What Is Descriptive Analytics?
Descriptive analytics is the definition of historical data to better understand changes that have occurred in a business. Descriptive analytics describes the use of a extend of historic data to draw comparisons. Most commonly reported financial metrics are a product of descriptive analytics, for prototype, year-over-year pricing changes, month-over-month sales growth, the number of users, or the total revenue per subscriber.
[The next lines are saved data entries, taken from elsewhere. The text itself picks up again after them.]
lemma Ck_funpow_lie:
  fixes \<phi> :: "'a::euclidean_space \<Rightarrow> real"
  shows "Ck n F \<Longrightarrow> Ck (i + k) \<phi> \<Longrightarrow> i + k \<le> n + 1 \<Longrightarrow> Ck k ((lie F ^^ i) \<phi>)"
proof (induction i arbitrary: k)
  case (Suc i)
  have "Ck (Suc k) ((lie F ^^ i) \<phi>)"
    using Suc.prems by (intro Suc.IH) auto
  moreover have "Ck k F"
    using Suc.prems by (intro Ck_mono[of k n]) auto
  ultimately show ?case
    using Ck_lie by simp
qed simp

section \<open>Continuity of the barrier-function data\<close>

lemma Ck_psi:
  assumes f: "Ck (m - 1) f" and h: "Ck m h" and \<Gamma>: "\<forall>i\<in>{1..m}. Ck (m - i) (\<Gamma> i)"
  shows "j \<le> m \<Longrightarrow> Ck (m - j) (psi f \<Gamma> h j)"
proof (induction j)
  case (Suc j)
  define k where "k = m - Suc j"
  have \<psi>: "Ck (Suc k) (psi f \<Gamma> h j)"
    using Suc by (simp add: k_def Suc_diff_Suc)
  have "Ck k f"
    using f by (rule Ck_mono[rotated]) (simp add: k_def)
  with \<psi> have "Ck k (lie f (psi f \<Gamma> h j))"
    by (rule Ck_lie)
  moreover have "Ck k (\<Gamma> (Suc j))"
    using \<Gamma> Suc.prems by (auto simp: k_def)
  then have "Ck k (\<lambda>x. \<Gamma> (Suc j) (psi f \<Gamma> h j x))"
    using Ck_Suc_imp_Ck[OF \<psi>] by (rule Ck_compose_real)
  ultimately show ?case
    unfolding k_def by (simp only: psi.simps) (rule Ck_add)
qed (use h in simp)

lemma continuous_on_bcbf:
  assumes m: "m \<ge> 1" and f: "Ck (m - 1) f" and h: "Ck m h"
    and \<Gamma>: "\<forall>i\<in>{1..m}. Ck (m - i) (\<Gamma> i)"
  shows "continuous_on UNIV (bcbf f \<Gamma> h m)"
proof -
  have "Ck 0 ((lie f ^^ m) h)"
    by (rule Ck_funpow_lie[OF f]) (use h m in auto)
  \<comment> \<open>the \<open>i\<close>-th summand \<open>\<Gamma>\<^bsub>m-i\<^esub> \<circ> \<psi>\<^bsub>m-i-1\<^esub>\<close> is \<open>C\<^sup>i\<close>, just enough for \<open>i\<close> Lie derivatives\<close>
  moreover have "Ck 0 ((lie f ^^ i) (\<lambda>y. \<Gamma> (m - i) (psi f \<Gamma> h (m - i - 1) y)))" if i: "i < m" for i
  proof (rule Ck_funpow_lie[OF f])
    have "i \<le> m - (m - i - 1)"
      using i by arith
    moreover have "Ck (m - (m - i - 1)) (psi f \<Gamma> h (m - i - 1))"
      by (rule Ck_psi[OF f h \<Gamma>]) simp
    ultimately have \<psi>: "Ck i (psi f \<Gamma> h (m - i - 1))"
      by (rule Ck_mono)
    have "Ck i (\<Gamma> (m - i))"
      using \<Gamma>[rule_format, of "m - i"] i by simp
    from Ck_compose_real[OF this \<psi>]
    show "Ck (i + 0) (\<lambda>y. \<Gamma> (m - i) (psi f \<Gamma> h (m - i - 1) y))"
      by simp
  qed (use i in simp)
  ultimately have "Ck 0 (\<lambda>x. - (lie f ^^ m) h x
      + - (\<Sum>i<m. (lie f ^^ i) (\<lambda>y. \<Gamma> (m - i) (psi f \<Gamma> h (m - i - 1) y)) x))"
    by (intro Ck_add Ck_uminus Ck_sum) auto
  then show ?thesis
    by (simp add: bcbf_def[abs_def] Ck_imp_continuous_on)
qed

lemma continuous_on_acbf:
  assumes m: "m \<ge> 1" and f: "Ck (m - 1) f" and g: "Ck (m - 1) g" and h: "Ck m h"
  shows "continuous_on UNIV (acbf f g h m)"
proof -
  have \<phi>: "Ck (Suc 0) ((lie f ^^ (m - 1)) h)"
    by (rule Ck_funpow_lie[OF f]) (use h m in auto)
  have "continuous_on UNIV (\<lambda>x. column j (g x))" for j
    unfolding column_def
    by (intro continuous_on_vec_lambda continuous_on_component Ck_imp_continuous_on[OF g])
  then have "Ck 0 (lie (\<lambda>x. column j (g x)) ((lie f ^^ (m - 1)) h))" for j
    by (intro Ck_lie[OF \<phi>]) simp
  then show ?thesis
    unfolding acbf_def lieg_def lie_def by (simp add: continuous_on_vec_lambda)
qed

section \<open>The Moore--Penrose inverse of an injective matrix\<close>

definition penrose_inverse :: "real^'m^'n \<Rightarrow> real^'n^'m \<Rightarrow> bool" where
  "penrose_inverse A B \<longleftrightarrow> A ** B ** A = A \<and> B ** A ** B = B \<and>
     transpose (A ** B) = A ** B \<and> transpose (B ** A) = B ** A"

lemma generalized_inverse_imp_left_inverse:
  fixes A :: "real^'m^'n"
  assumes "inj ((*v) A)" and "A ** B ** A = A"
  shows "B ** A = mat 1"
proof -
  have "A *v ((B ** A) *v v) = A *v v" for v
    by (metis matrix_vector_mul_assoc assms(2))
  then have "(B ** A) *v v = v" for v
    using assms(1) by (meson injD)
  then show ?thesis
    by (simp add: matrix_eq)
qed

lemma penrose_inverse_unique:
  fixes A :: "real^'m^'n"
  assumes inj: "inj ((*v) A)" and B: "penrose_inverse A B" and C: "penrose_inverse A C"
  shows "B = C"
proof -
  have BA: "B ** A = mat 1" and CA: "C ** A = mat 1"
    using generalized_inverse_imp_left_inverse[OF inj] B C by (auto simp: penrose_inverse_def)
  have "A ** B = transpose ((A ** C) ** (A ** B))"
    using B CA by (simp add: penrose_inverse_def matrix_mul_assoc flip: matrix_mul_assoc[of A C])
  also have "\<dots> = (A ** B) ** (A ** C)"
    using B C by (simp add: penrose_inverse_def matrix_transpose_mul)
  also have "\<dots> = A ** C"
    using BA by (metis matrix_mul_assoc matrix_mul_rid)
  finally have ABC: "A ** B = A ** C" .
  have "B = B ** (A ** B)"
    using B by (simp add: penrose_inverse_def matrix_mul_assoc)
  also have "\<dots> = C"
    using ABC BA by (metis matrix_mul_assoc matrix_mul_lid)
  finally show ?thesis .
qed

lemma penrose_inverse_exists:
  fixes A :: "real^'m^'n"
  assumes inj: "inj ((*v) A)"
  shows "\<exists>B. penrose_inverse A B"
proof -
  define M where "M = transpose A ** A"
  have "inj ((*v) M)"
  proof (rule injI)
    fix x y
    assume "M *v x = M *v y"
    then have "(x - y) \<bullet> (M *v (x - y)) = 0"
      by (simp add: matrix_vector_mult_diff_distrib)
    moreover have "(x - y) \<bullet> (M *v (x - y)) = (A *v (x - y)) \<bullet> (A *v (x - y))"
      unfolding M_def
      by (simp add: matrix_vector_mul_assoc[symmetric]) (metis dot_lmul_matrix inner_commute)
    ultimately have "A *v x = A *v y"
      by (simp add: matrix_vector_mult_diff_distrib)
    then show "x = y"
      using inj by (meson injD)
  qed
  then obtain L where L: "L ** M = mat 1"
    using matrix_left_invertible_injective by blast
  then have L': "M ** L = mat 1"
    using matrix_left_right_inverse by blast
  have "transpose L ** M = mat 1"
    by (metis L' M_def matrix_transpose_mul transpose_mat transpose_transpose)
  then have L_sym: "transpose L = L"
    by (metis L' matrix_mul_assoc matrix_mul_lid matrix_mul_rid)
  define B where "B = L ** transpose A"
  have BA: "B ** A = mat 1"
    unfolding B_def using L M_def by (simp add: matrix_mul_assoc[symmetric])
  have "penrose_inverse A B"
    unfolding penrose_inverse_def
  proof (intro conjI)
    show "A ** B ** A = A" "B ** A ** B = B" "transpose (B ** A) = B ** A"
      using BA by (simp_all add: matrix_mul_assoc[symmetric])
    show "transpose (A ** B) = A ** B"
      unfolding B_def by (simp add: matrix_transpose_mul L_sym matrix_mul_assoc)
  qed
  then show ?thesis ..
qed

lemma pinv_left_inverse:
  fixes A :: "real^'m^'n"
  assumes inj: "inj ((*v) A)"
  shows "pinv A ** A = mat 1"
proof -
  have "penrose_inverse A (pinv A)"
    unfolding pinv_def penrose_inverse_def[symmetric]
    using penrose_inverse_exists[OF inj] penrose_inverse_unique[OF inj] by (metis theI)
  then show ?thesis
    using generalized_inverse_imp_left_inverse[OF inj] by (simp add: penrose_inverse_def)
qed

section \<open>The equilibrium input\<close>

lemma zeta_eqI:
  fixes f :: "real^'nx \<Rightarrow> real^'nx" and g :: "real^'nx \<Rightarrow> real^'nu^'nx"
  assumes "rank (g xe) = CARD('nu)" and "0 = f xe + g xe *v ue"
  shows "zeta f g xe = ue"
proof -
  have "f xe = - (g xe *v ue)"
    using assms(2) by (simp add: eq_neg_iff_add_eq_0 add.commute)
  then have "zeta f g xe = (pinv (g xe) ** g xe) *v ue"
    by (simp add: zeta_def matrix_vector_mul_assoc linear_neg[OF matrix_vector_mul_linear])
  also have "\<dots> = ue"
    using pinv_left_inverse[OF full_rank_injective[THEN iffD1, OF assms(1)]] by simp
  finally show ?thesis .
qed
These assessments all describe what has occurred in a business during a set period.
Key Takeaways
- Descriptive analytics is the process of parsing historical materials to better understand the changes that have occurred in a business.
- Using a range of historic data and benchmarking, decision-makers apply a holistic view of performance and trends on which to base business strategy.
- Descriptive analytics can help to identify the arrondissements of strength and weakness in an organization.
- Examples of metrics used in descriptive analytics include year-over-year pricing changes, month-over-month on offers growth, the number of users, or the total revenue per subscriber.
- Descriptive analytics is now being used in conjunction with newer analytics, such as predictive and imperious analytics.
- In its simplest form, descriptive analytics answers the question, “What happened?”
Understanding Descriptive Analytics
Descriptive analytics bring ups raw data and parses that data to draw conclusions that are useful and understandable by managers, investors, and other stakeholders. A detail showing sales of $1 million may sound impressive, but it lacks context. If that figure represents a 20% month-over-month go down, it is a concern. If it is a 40% year-over-year increase, then it suggests something is going right with the sales strategy. In any event, the larger context including targeted growth is required to obtain an informed view of the company’s sales performance.
Descriptive analytics usages a full range of data to give an accurate picture of what has happened in a business and how that differs from other comparable spaces. These performance metrics can be used to flag areas of strength and weakness to inform management strategies.
The two main methods in which statistics is collected for descriptive analytics are data aggregation and data mining. Before data can be made sense of it must essential be gathered and then parsed into manageable information. This information can then be meaningfully used by management to appreciate where the business stands.
Descriptive analytics is an important component of performance analysis so that managers can make briefed strategic business decisions based on historical data.
Descriptive analytics is one of the most basic pieces of business intellect a company will use. Although descriptive analytics can be industry-specific, such as the seasonal variation in shipment completion times, analytics use broadly beared measures common throughout the financial industry.
Return on invested capital (ROIC) is a descriptive analytic created by delightful three data points—net income,
Special Considerations
Descriptive analytics provides important information in an easy-to-grasp make-up. There will always be a need for descriptive analytics. However, more effort is going towards newer participants of analytics such as predictive and prescriptive analytics.
These types of analytics use descriptive analytics and integrate additional materials from diverse sources to model likely outcomes in the near term. These forward-looking analytics go beyond take care of information to assisting in decision-making. These types of analytics can also suggest courses of action that can maximize practical outcomes and minimize negative ones.
Fast Fact
Descriptive analytics provides the “What happened?” information with reference to a company’s operations, whole diagnostic analytics provides the “Why did it happen?” information, and predictive analytics provides information as to “What could stumble on in the future?”
That said, society is not quite yet at the point where benevolent and prescient computers will helm all critical corporations. The majority of decisions in offices and boardrooms worldwide are made by people using the same types of descriptive analytics acclimatized 10, 20, and 30 years ago, such as whether sales were up or down compared to last month, is the product take off to market on time, and does the company have sufficient supply based on last month’s numbers?